Improve sqllogicteset speed by creating only a single large file rather than 2 (#20586)

Tim-53 · web-flow · commit 0af9ff59986b · 2026-03-02T16:15:28.000Z
Draft as it builds on #20576 ## Which issue does this PR close? - Part of #20524 - Follow on to #20576 from @alamb ## Rationale for this change Execution time of the test is dominated by the time writing the parquet files. By reusing the file we can gain around 30% improvement on the execution time here. ## What changes are included in this PR? Building on #20576 we reuse the needed parquet file for the test instead of recreating it. ## Are these changes tested? Ran the test with following results: | | Baseline (2 files) | Optimized (1 file) | |---|---|---| | Min | 33.000s | 22.653s | | Max | 37.662s | 25.489s | | Avg | 34.427s | 24.092s | One open question: does the correctness of this regression test rely on having two **physically separate** files?
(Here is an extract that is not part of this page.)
(* In the $\mathbf N$-agent system with dependence on marginal distributions described in the context, let $\{\boldsymbol\mu_t^{\mathbf N},\boldsymbol\nu_t^{\mathbf N}\}_{t\ge0}$ be the empirical joint state and action distributions induced by a policy $\boldsymbol\pi=\{\boldsymbol\pi_t\}_{t\ge0}$. Then for every $t\ge0$: (a) $\mathbb E|\boldsymbol\nu_t^{\mathbf N}[\mathcal U]-\nu^{\mathrm{MF}}(\boldsymbol\mu_t^{\mathbf N},\boldsymbol\pi_t)[\mathcal U]|_1\le\frac1{\sqrt{N_{\mathrm{pop}}}}\sqrt{|\mathcal U|}$; (b) $\mathbb E\Big|\frac1{N_{\mathrm{pop}}}\sum_{k\in[K]}\sum_{j=1}^{N_k}r_k(x_{j,k}^t,u_{j,k}^t,\boldsymbol\mu_t^{\mathbf N}[\mathcal X],\boldsymbol\nu_t^{\mathbf N}[\mathcal U])-\sum_{k\in[K]}r_k^{\mathrm{MF}}(\boldsymbol\mu_t^{\mathbf N},\boldsymbol\pi_t)\Big|\le\frac{C_R}{\sqrt{N_{\mathrm{pop}}}}\sqrt{|\mathcal U|}$; (c) $\mathbb E|\boldsymbol\mu_{t+1}^{\mathbf N}[\mathcal X]-P^{\mathrm{MF}}(\boldsymbol\mu_t^{\mathbf N},\boldsymbol\pi_t)[\mathcal X]|_1\le\frac{C_P}{\sqrt{N_{\mathrm{pop}}}}\sqrt{|\mathcal X||\mathcal U|}$, where $C_R=M_R+L_R$ and $C_P=2+L_P$.
   Context: Fix $K\ge1$, $N_1,\dots,N_K\ge1$, $[K]=\{1,\dots,K\}$, $N_{\mathrm{pop}}=\sum_kN_k$, finite sets $\mathcal X,\mathcal U$, $\mathcal P(A)$ the probability distributions on $A$, $|\cdot|_1$ the $L_1$ norm, constants $M_R,L_R,L_P>0$. Agent $j\in[N_k]$ of class $k$ has state $x_{j,k}^t$ and action $u_{j,k}^t$; $\boldsymbol\mu_t^{\mathbf N}(x,k)=\frac1{N_{\mathrm{pop}}}\sum_{j=1}^{N_k}\mathbf 1(x_{j,k}^t=x)$, $\boldsymbol\nu_t^{\mathbf N}(u,k)=\frac1{N_{\mathrm{pop}}}\sum_{j=1}^{N_k}\mathbf 1(u_{j,k}^t=u)$; marginals $\boldsymbol\mu[\mathcal X](x)=\sum_k\boldsymbol\mu(x,k)$, $\boldsymbol\nu[\mathcal U](u)=\sum_k\boldsymbol\nu(u,k)$. For each $k$: $r_k:\mathcal X\times\mathcal U\times\mathcal P(\mathcal X)\times\mathcal P(\mathcal U)\to\mathbb R$, $P_k:\mathcal X\times\mathcal U\times\mathcal P(\mathcal X)\times\mathcal P(\mathcal U)\to\mathcal P(\mathcal X)$ with $|r_k|\le M_R$, $|r_k(x,u,\mu_1,\nu_1)-r_k(x,u,\mu_2,\nu_2)|\le L_R(|\mu_1-\mu_2|_1+|\nu_1-\nu_2|_1)$, $|P_k(x,u,\mu_1,\nu_1)-P_k(x,u,\mu_2,\nu_2)|_1\le L_P(|\mu_1-\mu_2|_1+|\nu_1-\nu_2|_1)$. A policy is $\boldsymbol\pi=\{\boldsymbol\pi_t\}_{t\ge0}$, $\boldsymbol\pi_t=(\pi_k^t)_k$, $\pi_k^t:\mathcal X\times\mathcal P(\mathcal X)\to\mathcal P(\mathcal U)$. Dynamics: conditioned on all states at time $t$, actions are independent across agents with $u_{j,k}^t\sim\pi_k^t(x_{j,k}^t,\boldsymbol\mu_t^{\mathbf N}[\mathcal X])$; conditioned on states and actions, next states are independent with $x_{j,k}^{t+1}\sim P_k(x_{j,k}^t,u_{j,k}^t,\boldsymbol\mu_t^{\mathbf N}[\mathcal X],\boldsymbol\nu_t^{\mathbf N}[\mathcal U])$. Mean-field operators: $\nu^{\mathrm{MF}}(\boldsymbol\mu,\boldsymbol\pi)(u,k)=\sum_x\pi_k(x,\boldsymbol\mu[\mathcal X])(u)\boldsymbol\mu(x,k)$; $P^{\mathrm{MF}}(\boldsymbol\mu,\boldsymbol\pi)(x',k)=\sum_{x,u}\boldsymbol\mu(x,k)\pi_k(x,\boldsymbol\mu[\mathcal X])(u)P_k(x,u,\boldsymbol\mu[\mathcal X],\nu^{\mathrm{MF}}(\boldsymbol\mu,\boldsymbol\pi)[\mathcal U])(x')$; $r_k^{\mathrm{MF}}(\boldsymbol\mu,\boldsymbol\pi)=\sum_{x,u}\boldsymbol\mu(x,k)\pi_k(x,\boldsymbol\mu[\mathcal X])(u)r_k(x,u,\boldsymbol\mu[\mathcal X],\nu^{\mathrm{MF}}(\boldsymbol\mu,\boldsymbol\pi)[\mathcal U])$. *)

theory Defs
  imports "HOL-Probability.Product_PMF"
begin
The race condition in #17197 was in the execution layer — both scans would still be independent `DataSourceExec` nodes with independent readers, so I believe the behavior is preserved. But if there's any concern, we could use `system cp` to copy the file and register two physical files while still only paying the `generate_series` cost once. ## Are there any user-facing changes?
diff --git a/datafusion/sqllogictest/test_files/push_down_filter_regression.slt b/datafusion/sqllogictest/test_files/push_down_filter_regression.slt
@@ -18,13 +18,6 @@
 # Test push down filter
 
 # Regression test for https://github.com/apache/datafusion/issues/17188
-query I
-COPY (select i as k from generate_series(1, 10000000) as t(i))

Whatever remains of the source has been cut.